## REQUIRED WORK
A single figure is wanted: the count of lines below containing the string "where".

## INFORMATION GIVEN
= = = =

lemma lipschitz_regularization:
  fixes h :: "real \<Rightarrow> real"
  assumes bnd: "\<And>s t. s \<in> {0..T1} \<Longrightarrow> t \<in> {0..T1} \<Longrightarrow> \<bar>h t - h s\<bar> \<le> D + L * \<bar>t - s\<bar>"
    and L: "0 \<le> L" and D: "0 \<le> D" and W: "0 < W" "W \<le> T1"
  shows "\<exists>H. (\<forall>a b. \<bar>H a - H b\<bar> \<le> (L + D / W) * \<bar>a - b\<bar>) \<and> H 0 = h 0 \<and> H T1 = h T1 \<and>
             (\<forall>t\<in>{0..T1}. \<bar>H t - h t\<bar> \<le> D)"
proof -
  have "0 \<le> T1" using W by simp
  then obtain q where q: "\<And>t. t \<in> {0..T1} \<Longrightarrow> h t - D \<le> q t \<and> q t \<le> h t"
    and q_lip: "\<And>a b. a \<in> {0..T1} \<Longrightarrow> b \<in> {0..T1} \<Longrightarrow> \<bar>q a - q b\<bar> \<le> L * \<bar>a - b\<bar>"
    using lipschitz_minorant_inf_convolution[OF bnd L] by metis
  define \<alpha> where "\<alpha> = h 0 - q 0"
  define \<beta> where "\<beta> = h T1 - q T1"
  have \<alpha>\<beta>: "0 \<le> \<alpha>" "\<alpha> \<le> D" "0 \<le> \<beta>" "\<beta> \<le> D"
    using q[of 0] q[of T1] W by (auto simp: \<alpha>_def \<beta>_def)
  txt \<open>Add back the endpoint defects linearly, then extend by constants outside \<open>[0, T1]\<close>.\<close>
  define h' where "h' t = q t + \<alpha> * (1 - t / T1) + \<beta> * (t / T1)" for t
  define c where "c t = max 0 (min T1 t)" for t
  define H where "H t = h' (c t)" for t
  have c: "c t \<in> {0..T1}" "\<bar>c a - c b\<bar> \<le> \<bar>a - b\<bar>" for t a b
    using W by (auto simp: c_def)
  have h'_lip: "\<bar>h' a - h' b\<bar> \<le> (L + D / W) * \<bar>a - b\<bar>" if "a \<in> {0..T1}" "b \<in> {0..T1}" for a b
  proof -
    have "h' a - h' b = (q a - q b) + (\<beta> - \<alpha>) * (a - b) / T1"
      using W by (simp add: h'_def field_simps)
    moreover have "\<bar>(\<beta> - \<alpha>) * (a - b) / T1\<bar> \<le> D / W * \<bar>a - b\<bar>"
    proof -
      have "\<bar>(\<beta> - \<alpha>) * (a - b) / T1\<bar> = \<bar>\<beta> - \<alpha>\<bar> * \<bar>a - b\<bar> / T1"
        using W by (simp add: abs_mult)
      also have "\<dots> \<le> D * \<bar>a - b\<bar> / T1"
        using \<alpha>\<beta> W by (intro divide_right_mono mult_right_mono) auto
      also have "\<dots> \<le> D * \<bar>a - b\<bar> / W"
        using W D by (intro divide_left_mono) auto
      finally show ?thesis by simp
    qed
    ultimately have "\<bar>h' a - h' b\<bar> \<le> L * \<bar>a - b\<bar> + D / W * \<bar>a - b\<bar>"
      using q_lip[OF that] abs_triangle_ineq[of "q a - q b" "(\<beta> - \<alpha>) * (a - b) / T1"] by linarith
    then show ?thesis by (simp add: distrib_right)
  qed
  have "\<bar>H a - H b\<bar> \<le> (L + D / W) * \<bar>a - b\<bar>" for a b
  proof -
    have "\<bar>H a - H b\<bar> \<le> (L + D / W) * \<bar>c a - c b\<bar>"
      unfolding H_def by (rule h'_lip[OF c(1) c(1)])
    also have "\<dots> \<le> (L + D / W) * \<bar>a - b\<bar>"
      using c(2) L D W by (intro mult_left_mono) auto
    finally show ?thesis .
  qed
  moreover have "\<bar>H t - h t\<bar> \<le> D" if "t \<in> {0..T1}" for t
  proof -
    have "0 \<le> \<alpha> * (1 - t / T1) + \<beta> * (t / T1)"
      using \<alpha>\<beta> that W by (intro add_nonneg_nonneg mult_nonneg_nonneg) auto
    moreover have "\<alpha> * (1 - t / T1) + \<beta> * (t / T1) \<le> D * (1 - t / T1) + D * (t / T1)"
      using \<alpha>\<beta> that W by (intro add_mono mult_right_mono) auto
    moreover have "D * (1 - t / T1) + D * (t / T1) = D" by (simp add: algebra_simps)
    moreover have "H t = q t + (\<alpha> * (1 - t / T1) + \<beta> * (t / T1))"
      using that by (simp add: H_def c_def h'_def)
    ultimately show ?thesis using q[OF that] by (simp add: abs_le_iff)
  qed
  moreover have "H 0 = h 0" "H T1 = h T1"
    using W by (simp_all add: H_def c_def h'_def \<alpha>_def \<beta>_def)
  ultimately show ?thesis by blast
qed

lemma Rep_continuous_mono:
  assumes "f \<in> Rep"
  shows "continuous_on UNIV f" "mono f"
  using assms by (auto simp: Rep_def homeomorphism_def strict_mono_mono)

lemma expanding_continuous_in_Rep:
  fixes f :: "real \<Rightarrow> real"
  assumes cont: "continuous_on UNIV f" and "0 < c"
    and expand: "\<And>a b. b \<le> a \<Longrightarrow> c * (a - b) \<le> f a - f b"
  shows "f \<in> Rep"
proof -
  have sm: "strict_mono f"
    unfolding strict_mono_def using expand \<open>0 < c\<close>
    by (metis diff_gt_0_iff_gt less_eq_real_def mult_pos_pos order_less_le_trans)
  then have inj: "inj f" by (rule strict_mono_imp_inj_on)
  have surj: "surj f"
  proof (rule surjI)
    fix y :: real
    define b where "b = (\<bar>y\<bar> + \<bar>f 0\<bar>) / c"
    have "0 \<le> b" "c * b = \<bar>y\<bar> + \<bar>f 0\<bar>" using \<open>0 < c\<close> by (simp_all add: b_def)
    moreover have "f 0 + c * b \<le> f b" "f (-b) \<le> f 0 - c * b"
      using expand[of 0 b] expand[of "-b" 0] \<open>0 \<le> b\<close> by auto
    ultimately have "f (-b) \<le> y" "y \<le> f b" "-b \<le> b" by auto
    then show "f (SOME x. f x = y) = y"
      using IVT'[of f "-b" y b] continuous_on_subset[OF cont] by (metis (mono_tags) someI subset_UNIV)
  qed
  have "lipschitz_on (1 / c) UNIV (inv f)"
    unfolding lipschitz_on_def
  proof (intro conjI ballI)
    show "0 \<le> 1 / c" using \<open>0 < c\<close> by simp
    fix x y :: real
    obtain a b where ab: "f a = x" "f b = y" using surj by (metis surjD)
    have "c * \<bar>a - b\<bar> \<le> \<bar>f a - f b\<bar>"
      using expand[of a b] expand[of b a] by (cases "b \<le> a") (auto simp: abs_if algebra_simps)
    then show "dist (inv f x) (inv f y) \<le> 1 / c * dist x y"
      using ab inv_f_f[OF inj] \<open>0 < c\<close> by (auto simp: dist_real_def field_simps)
  qed
  then have "continuous_on UNIV (inv f)" by (rule lipschitz_on_continuous_on)
  then have "homeomorphism UNIV UNIV f (inv f)"
    using cont surj inj by (auto simp: homeomorphism_def surj_f_inv_f) (metis UNIV_I image_eqI inv_f_f)
  with sm show ?thesis by (auto simp: Rep_def)
qed

lemma lipschitz_perturbation_of_id_in_Rep_eps:
  fixes H :: "real \<Rightarrow> real"
  assumes lip: "\<And>a b. \<bar>H a - H b\<bar> \<le> L * \<bar>a - b\<bar>" and L: "0 \<le> L" "L < \<epsilon>" "L < 1"
  shows "(\<lambda>t. t + H t) \<in> Rep_eps \<epsilon>"
proof -
  have "lipschitz_on L UNIV H"
    unfolding lipschitz_on_def using lip L by (auto simp: dist_real_def)
  then have "continuous_on UNIV (\<lambda>t. t + H t)"
    by (intro continuous_intros lipschitz_on_continuous_on)
  moreover have "(1 - L) * (a - b) \<le> (a + H a) - (b + H b)" if "b \<le> a" for a b
    using lip[of a b] that by (auto simp: algebra_simps abs_le_iff)
  ultimately have "(\<lambda>t. t + H t) \<in> Rep"
    using L by (intro expanding_continuous_in_Rep[where c = "1 - L"]) auto
  moreover have "\<bar>((a + H a) - (b + H b)) / (a - b) - 1\<bar> < \<epsilon>" if "b < a" for a b
  proof -
    have "((a + H a) - (b + H b)) / (a - b) - 1 = (H a - H b) / (a - b)"
      using that by (simp add: field_simps)
    also have "\<bar>\<dots>\<bar> \<le> L" using lip[of a b] that by (simp add: abs_divide divide_le_eq)
    finally show ?thesis using L by simp
  qed
  ultimately show ?thesis by (auto simp: Rep_eps_def)
qed

lemma Rep_eps_approximation:
  fixes g :: "real \<Rightarrow> real"
  assumes drift: "\<And>s t. 0 \<le> s \<Longrightarrow> s \<le> t \<Longrightarrow> t \<le> T1 \<Longrightarrow> t - s \<le> W \<Longrightarrow>
      \<bar>(g t - t) - (g s - s)\<bar> \<le> D"
    and "0 < W" "W \<le> T1" "0 \<le> D" "2 * D < \<epsilon> * W" "2 * D < W"
  shows "\<exists>g'\<in>Rep_eps \<epsilon>. g' 0 = g 0 \<and> g' T1 = g T1 \<and> (\<forall>t\<in>{0..T1}. \<bar>g' t - g t\<bar> \<le> D)"
proof -
  define h where "h t = g t - t" for t
  have bnd: "\<bar>h t - h s\<bar> \<le> D + D / W * \<bar>t - s\<bar>" if "s \<in> {0..T1}" "t \<in> {0..T1}" for s t
    using chained_increment_bound[of T1 W h D s t] drift that assms(2,4) by (auto simp: h_def)
  have "\<exists>H. (\<forall>a b. \<bar>H a - H b\<bar> \<le> (D / W + D / W) * \<bar>a - b\<bar>) \<and> H 0 = h 0 \<and> H T1 = h T1 \<and>
      (\<forall>t\<in>{0..T1}. \<bar>H t - h t\<bar> \<le> D)"
    by (rule lipschitz_regularization[OF bnd]) (use assms(2-4) in auto)
  then obtain H where H: "\<And>a b. \<bar>H a - H b\<bar> \<le> (D / W + D / W) * \<bar>a - b\<bar>"
    "H 0 = h 0" "H T1 = h T1" "\<And>t. t \<in> {0..T1} \<Longrightarrow> \<bar>H t - h t\<bar> \<le> D"
    by blast
  have "D / W + D / W < \<epsilon>" "D / W + D / W < 1"
    using assms(2,5,6) by (simp_all add: field_simps)
  then have "(\<lambda>t. t + H t) \<in> Rep_eps \<epsilon>"
    using assms(2,4) by (intro lipschitz_perturbation_of_id_in_Rep_eps[OF H(1)]) auto
  moreover have "\<bar>(t + H t) - g t\<bar> \<le> D" if "t \<in> {0..T1}" for t
    using H(4)[OF that] by (simp add: h_def algebra_simps)
  ultimately show ?thesis using H(2,3) by (intro bexI[of _ "\<lambda>t. t + H t"]) (auto simp: h_def)
qed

= = = =

## RESPONSE TO THIS EXERCISE
11